▶ _Requirement_:
If a line in the records below holds the word "indexed", copy it.

▶ _Records to process_:
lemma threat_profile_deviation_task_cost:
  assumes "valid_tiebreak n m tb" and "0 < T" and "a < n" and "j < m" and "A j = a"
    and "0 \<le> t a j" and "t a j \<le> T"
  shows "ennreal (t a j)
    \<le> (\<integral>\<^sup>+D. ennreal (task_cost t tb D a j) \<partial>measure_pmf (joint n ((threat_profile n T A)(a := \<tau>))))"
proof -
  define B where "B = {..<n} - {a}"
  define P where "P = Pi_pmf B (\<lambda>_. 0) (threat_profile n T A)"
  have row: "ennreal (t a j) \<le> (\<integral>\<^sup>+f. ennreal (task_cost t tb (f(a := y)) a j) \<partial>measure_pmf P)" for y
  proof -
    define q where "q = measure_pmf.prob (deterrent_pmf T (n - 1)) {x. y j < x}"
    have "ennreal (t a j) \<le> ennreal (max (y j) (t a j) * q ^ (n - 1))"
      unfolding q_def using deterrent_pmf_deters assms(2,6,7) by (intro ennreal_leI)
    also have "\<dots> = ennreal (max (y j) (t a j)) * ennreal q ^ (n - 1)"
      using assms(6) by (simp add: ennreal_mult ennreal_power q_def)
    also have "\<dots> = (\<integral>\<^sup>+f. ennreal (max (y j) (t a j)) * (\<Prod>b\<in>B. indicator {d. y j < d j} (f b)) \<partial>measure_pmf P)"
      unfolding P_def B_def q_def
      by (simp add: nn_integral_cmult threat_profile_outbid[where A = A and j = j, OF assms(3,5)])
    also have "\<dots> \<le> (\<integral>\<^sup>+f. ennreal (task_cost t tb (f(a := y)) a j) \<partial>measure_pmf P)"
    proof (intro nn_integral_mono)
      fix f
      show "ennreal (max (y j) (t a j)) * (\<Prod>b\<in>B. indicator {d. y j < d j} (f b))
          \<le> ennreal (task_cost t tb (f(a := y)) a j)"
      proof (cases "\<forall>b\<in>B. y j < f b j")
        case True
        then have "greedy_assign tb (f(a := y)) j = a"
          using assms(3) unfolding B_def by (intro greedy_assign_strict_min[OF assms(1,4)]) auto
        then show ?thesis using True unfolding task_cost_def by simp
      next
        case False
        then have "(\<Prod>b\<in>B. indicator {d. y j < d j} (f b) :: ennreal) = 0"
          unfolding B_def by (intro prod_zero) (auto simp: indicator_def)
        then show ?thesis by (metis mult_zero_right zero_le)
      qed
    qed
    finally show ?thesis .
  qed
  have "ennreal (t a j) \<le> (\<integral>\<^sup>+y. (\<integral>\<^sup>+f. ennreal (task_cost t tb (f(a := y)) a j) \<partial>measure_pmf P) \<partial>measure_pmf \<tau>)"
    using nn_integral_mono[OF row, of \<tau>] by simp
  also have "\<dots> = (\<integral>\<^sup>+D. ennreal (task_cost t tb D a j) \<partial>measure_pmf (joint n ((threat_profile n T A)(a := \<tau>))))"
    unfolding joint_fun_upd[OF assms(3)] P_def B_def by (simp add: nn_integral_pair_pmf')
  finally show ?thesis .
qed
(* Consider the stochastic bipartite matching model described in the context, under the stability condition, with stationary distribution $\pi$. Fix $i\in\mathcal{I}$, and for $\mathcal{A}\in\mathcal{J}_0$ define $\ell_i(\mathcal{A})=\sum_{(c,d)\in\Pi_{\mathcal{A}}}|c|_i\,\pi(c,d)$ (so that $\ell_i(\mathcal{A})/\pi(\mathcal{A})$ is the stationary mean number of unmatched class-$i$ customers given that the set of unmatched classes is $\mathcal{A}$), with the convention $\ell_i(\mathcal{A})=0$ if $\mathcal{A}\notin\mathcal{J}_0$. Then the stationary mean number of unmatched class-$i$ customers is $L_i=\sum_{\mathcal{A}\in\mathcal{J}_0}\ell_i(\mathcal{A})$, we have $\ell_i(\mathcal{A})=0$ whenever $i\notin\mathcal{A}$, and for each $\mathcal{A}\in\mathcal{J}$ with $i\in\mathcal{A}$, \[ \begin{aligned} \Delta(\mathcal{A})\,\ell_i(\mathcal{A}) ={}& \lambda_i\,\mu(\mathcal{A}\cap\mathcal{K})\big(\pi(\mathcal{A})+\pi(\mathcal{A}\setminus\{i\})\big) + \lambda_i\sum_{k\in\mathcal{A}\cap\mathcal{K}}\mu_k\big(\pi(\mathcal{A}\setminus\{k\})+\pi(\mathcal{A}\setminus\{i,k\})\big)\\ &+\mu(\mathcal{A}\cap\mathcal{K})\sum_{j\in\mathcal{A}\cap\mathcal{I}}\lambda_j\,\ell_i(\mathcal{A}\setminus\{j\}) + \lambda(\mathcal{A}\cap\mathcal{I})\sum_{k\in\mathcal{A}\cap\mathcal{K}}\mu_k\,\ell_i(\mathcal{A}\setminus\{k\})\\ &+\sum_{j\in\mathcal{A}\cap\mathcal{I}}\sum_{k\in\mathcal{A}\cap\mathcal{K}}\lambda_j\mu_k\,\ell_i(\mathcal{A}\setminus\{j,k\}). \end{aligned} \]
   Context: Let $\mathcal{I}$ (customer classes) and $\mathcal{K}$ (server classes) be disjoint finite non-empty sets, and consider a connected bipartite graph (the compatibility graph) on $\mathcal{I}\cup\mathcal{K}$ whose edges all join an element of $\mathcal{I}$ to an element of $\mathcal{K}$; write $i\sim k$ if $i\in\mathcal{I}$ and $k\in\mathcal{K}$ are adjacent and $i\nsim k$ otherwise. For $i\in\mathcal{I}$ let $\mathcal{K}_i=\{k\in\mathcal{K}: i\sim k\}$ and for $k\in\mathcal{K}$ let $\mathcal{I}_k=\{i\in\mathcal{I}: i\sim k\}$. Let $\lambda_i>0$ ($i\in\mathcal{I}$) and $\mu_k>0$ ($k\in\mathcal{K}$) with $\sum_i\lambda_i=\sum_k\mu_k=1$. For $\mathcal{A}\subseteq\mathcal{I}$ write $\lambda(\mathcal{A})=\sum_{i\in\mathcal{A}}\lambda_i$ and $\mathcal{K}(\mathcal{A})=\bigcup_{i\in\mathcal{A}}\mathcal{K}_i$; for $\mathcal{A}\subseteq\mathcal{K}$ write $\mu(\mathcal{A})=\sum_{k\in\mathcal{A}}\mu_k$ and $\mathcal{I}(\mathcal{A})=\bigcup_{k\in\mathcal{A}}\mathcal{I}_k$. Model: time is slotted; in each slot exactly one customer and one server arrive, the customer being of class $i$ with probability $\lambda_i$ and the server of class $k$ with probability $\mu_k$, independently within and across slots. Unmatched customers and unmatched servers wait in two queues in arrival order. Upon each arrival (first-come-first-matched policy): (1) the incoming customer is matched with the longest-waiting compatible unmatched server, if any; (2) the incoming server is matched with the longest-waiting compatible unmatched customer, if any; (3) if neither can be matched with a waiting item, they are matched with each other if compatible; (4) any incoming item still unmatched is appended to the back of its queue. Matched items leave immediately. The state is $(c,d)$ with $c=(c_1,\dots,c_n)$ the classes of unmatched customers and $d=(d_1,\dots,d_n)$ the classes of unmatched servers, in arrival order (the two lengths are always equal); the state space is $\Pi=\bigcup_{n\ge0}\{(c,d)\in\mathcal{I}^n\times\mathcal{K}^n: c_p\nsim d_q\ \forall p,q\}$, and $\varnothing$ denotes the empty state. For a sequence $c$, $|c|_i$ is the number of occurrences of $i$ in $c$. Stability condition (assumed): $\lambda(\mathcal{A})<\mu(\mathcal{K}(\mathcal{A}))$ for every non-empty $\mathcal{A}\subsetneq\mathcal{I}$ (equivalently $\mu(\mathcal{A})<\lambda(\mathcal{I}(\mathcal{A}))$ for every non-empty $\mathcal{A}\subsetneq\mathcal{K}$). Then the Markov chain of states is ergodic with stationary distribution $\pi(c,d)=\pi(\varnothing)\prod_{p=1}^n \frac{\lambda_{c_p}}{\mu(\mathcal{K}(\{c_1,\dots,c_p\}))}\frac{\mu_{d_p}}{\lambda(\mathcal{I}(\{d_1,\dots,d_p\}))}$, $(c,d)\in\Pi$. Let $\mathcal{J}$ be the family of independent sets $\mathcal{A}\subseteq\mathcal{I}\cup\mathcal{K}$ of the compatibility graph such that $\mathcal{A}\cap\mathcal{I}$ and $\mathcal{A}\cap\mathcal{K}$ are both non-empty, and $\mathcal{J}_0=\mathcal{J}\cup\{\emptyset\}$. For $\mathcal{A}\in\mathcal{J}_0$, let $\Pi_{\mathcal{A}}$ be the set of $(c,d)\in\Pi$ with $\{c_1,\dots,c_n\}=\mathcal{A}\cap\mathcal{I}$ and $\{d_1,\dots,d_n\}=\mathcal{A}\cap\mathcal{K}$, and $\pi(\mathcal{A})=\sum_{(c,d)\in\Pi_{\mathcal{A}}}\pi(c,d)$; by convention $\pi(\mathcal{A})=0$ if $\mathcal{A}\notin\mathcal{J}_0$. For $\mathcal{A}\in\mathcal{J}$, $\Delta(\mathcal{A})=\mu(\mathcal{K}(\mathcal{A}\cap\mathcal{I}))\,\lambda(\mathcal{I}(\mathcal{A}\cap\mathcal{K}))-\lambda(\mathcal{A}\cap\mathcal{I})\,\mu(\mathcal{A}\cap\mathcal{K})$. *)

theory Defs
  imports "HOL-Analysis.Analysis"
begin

...

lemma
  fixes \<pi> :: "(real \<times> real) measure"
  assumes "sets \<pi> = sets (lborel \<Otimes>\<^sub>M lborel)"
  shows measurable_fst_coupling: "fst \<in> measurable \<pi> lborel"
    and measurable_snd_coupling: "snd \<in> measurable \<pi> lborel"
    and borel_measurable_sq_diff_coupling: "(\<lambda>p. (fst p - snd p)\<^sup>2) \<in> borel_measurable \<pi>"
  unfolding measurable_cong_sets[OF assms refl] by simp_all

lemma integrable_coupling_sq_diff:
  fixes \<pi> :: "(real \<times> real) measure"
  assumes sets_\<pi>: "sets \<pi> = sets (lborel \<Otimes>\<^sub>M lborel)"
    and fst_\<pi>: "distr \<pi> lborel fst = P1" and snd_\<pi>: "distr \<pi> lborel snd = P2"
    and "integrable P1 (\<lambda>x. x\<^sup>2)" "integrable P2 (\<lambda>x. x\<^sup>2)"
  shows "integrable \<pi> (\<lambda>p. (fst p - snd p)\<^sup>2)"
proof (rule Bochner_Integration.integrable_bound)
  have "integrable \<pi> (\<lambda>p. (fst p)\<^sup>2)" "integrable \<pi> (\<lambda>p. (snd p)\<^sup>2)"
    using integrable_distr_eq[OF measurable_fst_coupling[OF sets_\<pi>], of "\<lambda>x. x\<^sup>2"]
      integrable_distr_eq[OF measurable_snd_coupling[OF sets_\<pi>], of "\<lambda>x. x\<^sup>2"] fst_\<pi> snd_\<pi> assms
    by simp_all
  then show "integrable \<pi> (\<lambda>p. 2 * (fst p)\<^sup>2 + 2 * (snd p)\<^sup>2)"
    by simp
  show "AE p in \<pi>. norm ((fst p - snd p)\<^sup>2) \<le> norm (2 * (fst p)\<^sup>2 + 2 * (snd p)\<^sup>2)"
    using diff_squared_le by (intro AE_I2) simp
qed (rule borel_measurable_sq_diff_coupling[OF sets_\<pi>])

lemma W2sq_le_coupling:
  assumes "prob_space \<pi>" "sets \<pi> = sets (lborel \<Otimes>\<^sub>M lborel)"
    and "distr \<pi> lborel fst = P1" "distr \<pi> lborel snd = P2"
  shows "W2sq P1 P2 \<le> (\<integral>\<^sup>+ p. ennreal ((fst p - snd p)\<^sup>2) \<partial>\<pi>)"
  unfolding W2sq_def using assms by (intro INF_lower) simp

==

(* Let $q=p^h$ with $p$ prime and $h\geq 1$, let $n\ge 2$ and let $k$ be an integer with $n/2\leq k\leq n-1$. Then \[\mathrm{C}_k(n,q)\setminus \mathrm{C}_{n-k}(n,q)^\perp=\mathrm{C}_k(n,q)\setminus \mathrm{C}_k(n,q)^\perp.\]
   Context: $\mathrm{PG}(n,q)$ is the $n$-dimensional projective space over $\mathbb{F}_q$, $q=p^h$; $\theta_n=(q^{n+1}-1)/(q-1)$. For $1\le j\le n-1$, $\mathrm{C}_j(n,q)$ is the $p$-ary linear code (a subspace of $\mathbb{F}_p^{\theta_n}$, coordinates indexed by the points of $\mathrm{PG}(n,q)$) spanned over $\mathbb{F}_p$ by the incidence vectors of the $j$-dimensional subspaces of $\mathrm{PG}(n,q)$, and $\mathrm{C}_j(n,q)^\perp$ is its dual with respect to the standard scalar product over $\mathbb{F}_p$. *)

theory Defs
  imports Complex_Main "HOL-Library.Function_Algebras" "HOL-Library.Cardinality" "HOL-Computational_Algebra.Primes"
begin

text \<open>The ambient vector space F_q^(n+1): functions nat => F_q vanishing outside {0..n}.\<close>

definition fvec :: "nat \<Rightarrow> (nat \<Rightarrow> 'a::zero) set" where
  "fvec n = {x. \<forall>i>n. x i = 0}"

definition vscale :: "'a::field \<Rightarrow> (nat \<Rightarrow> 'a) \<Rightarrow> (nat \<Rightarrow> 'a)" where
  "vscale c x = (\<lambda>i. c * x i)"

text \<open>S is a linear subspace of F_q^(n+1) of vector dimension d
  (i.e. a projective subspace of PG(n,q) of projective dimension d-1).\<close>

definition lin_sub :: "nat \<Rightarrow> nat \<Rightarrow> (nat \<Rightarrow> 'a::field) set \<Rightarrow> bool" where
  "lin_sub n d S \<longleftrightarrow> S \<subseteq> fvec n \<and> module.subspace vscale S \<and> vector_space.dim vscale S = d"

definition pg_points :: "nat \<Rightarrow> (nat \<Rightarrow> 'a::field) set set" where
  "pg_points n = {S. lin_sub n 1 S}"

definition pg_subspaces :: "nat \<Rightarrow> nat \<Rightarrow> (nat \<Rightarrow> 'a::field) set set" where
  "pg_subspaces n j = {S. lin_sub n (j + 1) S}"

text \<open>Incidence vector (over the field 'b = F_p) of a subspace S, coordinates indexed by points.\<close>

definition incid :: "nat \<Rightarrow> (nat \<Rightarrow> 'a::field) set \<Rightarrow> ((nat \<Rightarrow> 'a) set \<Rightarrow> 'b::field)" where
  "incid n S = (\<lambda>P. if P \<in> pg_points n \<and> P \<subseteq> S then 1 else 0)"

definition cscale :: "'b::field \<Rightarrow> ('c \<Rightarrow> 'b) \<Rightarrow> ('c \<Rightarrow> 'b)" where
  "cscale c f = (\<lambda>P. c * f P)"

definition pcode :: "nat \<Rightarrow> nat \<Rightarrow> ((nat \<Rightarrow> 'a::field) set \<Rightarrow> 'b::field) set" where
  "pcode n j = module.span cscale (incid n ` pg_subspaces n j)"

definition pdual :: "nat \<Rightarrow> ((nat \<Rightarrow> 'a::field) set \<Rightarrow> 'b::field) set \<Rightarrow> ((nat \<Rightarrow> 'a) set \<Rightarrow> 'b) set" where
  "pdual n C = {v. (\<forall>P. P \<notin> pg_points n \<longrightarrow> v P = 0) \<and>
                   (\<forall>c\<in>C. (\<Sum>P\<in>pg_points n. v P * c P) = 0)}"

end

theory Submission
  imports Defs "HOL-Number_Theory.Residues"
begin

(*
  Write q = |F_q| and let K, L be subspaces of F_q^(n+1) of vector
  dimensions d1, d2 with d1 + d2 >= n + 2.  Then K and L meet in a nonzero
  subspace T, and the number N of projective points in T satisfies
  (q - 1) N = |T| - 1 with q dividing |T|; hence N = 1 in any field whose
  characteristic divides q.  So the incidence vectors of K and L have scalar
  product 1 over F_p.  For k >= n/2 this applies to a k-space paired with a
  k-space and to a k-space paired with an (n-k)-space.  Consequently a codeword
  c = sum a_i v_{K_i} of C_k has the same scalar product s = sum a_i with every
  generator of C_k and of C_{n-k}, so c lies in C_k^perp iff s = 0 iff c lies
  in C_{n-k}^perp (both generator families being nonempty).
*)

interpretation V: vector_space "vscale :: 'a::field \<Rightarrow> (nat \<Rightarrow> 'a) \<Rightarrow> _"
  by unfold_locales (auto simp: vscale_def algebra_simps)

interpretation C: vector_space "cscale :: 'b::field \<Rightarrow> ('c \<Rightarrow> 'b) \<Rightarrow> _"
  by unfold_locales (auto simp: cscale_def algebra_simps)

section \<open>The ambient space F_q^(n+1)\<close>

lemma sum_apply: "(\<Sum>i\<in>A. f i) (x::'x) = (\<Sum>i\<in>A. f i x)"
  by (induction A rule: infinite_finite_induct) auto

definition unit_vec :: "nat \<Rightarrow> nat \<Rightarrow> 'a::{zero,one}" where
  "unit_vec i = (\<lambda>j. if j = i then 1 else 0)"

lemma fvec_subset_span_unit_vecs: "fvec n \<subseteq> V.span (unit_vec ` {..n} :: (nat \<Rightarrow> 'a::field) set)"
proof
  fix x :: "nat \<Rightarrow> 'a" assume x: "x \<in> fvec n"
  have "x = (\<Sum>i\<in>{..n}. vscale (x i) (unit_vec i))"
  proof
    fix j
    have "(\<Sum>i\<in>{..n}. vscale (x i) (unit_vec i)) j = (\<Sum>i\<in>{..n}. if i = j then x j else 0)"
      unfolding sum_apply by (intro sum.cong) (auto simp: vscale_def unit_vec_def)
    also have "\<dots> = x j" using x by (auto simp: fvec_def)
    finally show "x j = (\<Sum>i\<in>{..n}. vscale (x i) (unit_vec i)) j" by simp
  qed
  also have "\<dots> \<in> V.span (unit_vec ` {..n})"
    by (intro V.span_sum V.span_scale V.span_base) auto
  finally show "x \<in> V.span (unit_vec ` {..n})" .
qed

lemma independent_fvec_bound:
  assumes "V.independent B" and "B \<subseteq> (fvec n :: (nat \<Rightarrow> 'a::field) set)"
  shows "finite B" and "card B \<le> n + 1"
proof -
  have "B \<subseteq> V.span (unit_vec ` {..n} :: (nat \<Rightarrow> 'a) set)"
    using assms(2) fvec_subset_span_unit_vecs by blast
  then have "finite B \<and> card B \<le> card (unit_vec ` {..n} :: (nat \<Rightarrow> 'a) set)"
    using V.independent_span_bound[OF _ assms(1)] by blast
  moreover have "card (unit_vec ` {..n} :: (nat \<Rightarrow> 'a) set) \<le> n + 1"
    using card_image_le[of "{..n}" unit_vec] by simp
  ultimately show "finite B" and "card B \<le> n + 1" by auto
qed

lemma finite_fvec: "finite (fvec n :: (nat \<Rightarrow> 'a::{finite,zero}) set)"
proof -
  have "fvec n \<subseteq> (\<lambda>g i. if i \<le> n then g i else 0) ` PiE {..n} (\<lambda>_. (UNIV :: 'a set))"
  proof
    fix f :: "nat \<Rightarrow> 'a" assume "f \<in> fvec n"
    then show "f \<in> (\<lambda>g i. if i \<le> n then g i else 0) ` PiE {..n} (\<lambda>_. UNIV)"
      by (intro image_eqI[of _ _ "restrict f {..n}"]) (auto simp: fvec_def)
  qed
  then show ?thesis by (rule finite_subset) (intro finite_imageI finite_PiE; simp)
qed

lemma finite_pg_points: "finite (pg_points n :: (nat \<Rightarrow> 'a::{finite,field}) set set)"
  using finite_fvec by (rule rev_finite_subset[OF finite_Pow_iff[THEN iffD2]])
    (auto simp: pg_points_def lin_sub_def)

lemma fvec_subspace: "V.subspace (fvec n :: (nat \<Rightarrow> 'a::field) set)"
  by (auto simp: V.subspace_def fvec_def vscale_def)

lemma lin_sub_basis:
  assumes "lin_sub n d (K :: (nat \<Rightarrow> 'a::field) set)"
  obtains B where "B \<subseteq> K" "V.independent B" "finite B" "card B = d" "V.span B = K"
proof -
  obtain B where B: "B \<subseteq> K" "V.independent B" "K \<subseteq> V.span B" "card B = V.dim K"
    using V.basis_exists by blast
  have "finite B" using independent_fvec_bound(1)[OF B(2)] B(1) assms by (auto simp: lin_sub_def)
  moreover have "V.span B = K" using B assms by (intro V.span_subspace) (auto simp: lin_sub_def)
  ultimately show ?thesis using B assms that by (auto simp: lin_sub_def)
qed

▶ _Result of the exercise_:
   Context: $\mathrm{PG}(n,q)$ is the $n$-dimensional projective space over $\mathbb{F}_q$, $q=p^h$; $\theta_n=(q^{n+1}-1)/(q-1)$. For $1\le j\le n-1$, $\mathrm{C}_j(n,q)$ is the $p$-ary linear code (a subspace of $\mathbb{F}_p^{\theta_n}$, coordinates indexed by the points of $\mathrm{PG}(n,q)$) spanned over $\mathbb{F}_p$ by the incidence vectors of the $j$-dimensional subspaces of $\mathrm{PG}(n,q)$, and $\mathrm{C}_j(n,q)^\perp$ is its dual with respect to the standard scalar product over $\mathbb{F}_p$. *)
text \<open>Incidence vector (over the field 'b = F_p) of a subspace S, coordinates indexed by points.\<close>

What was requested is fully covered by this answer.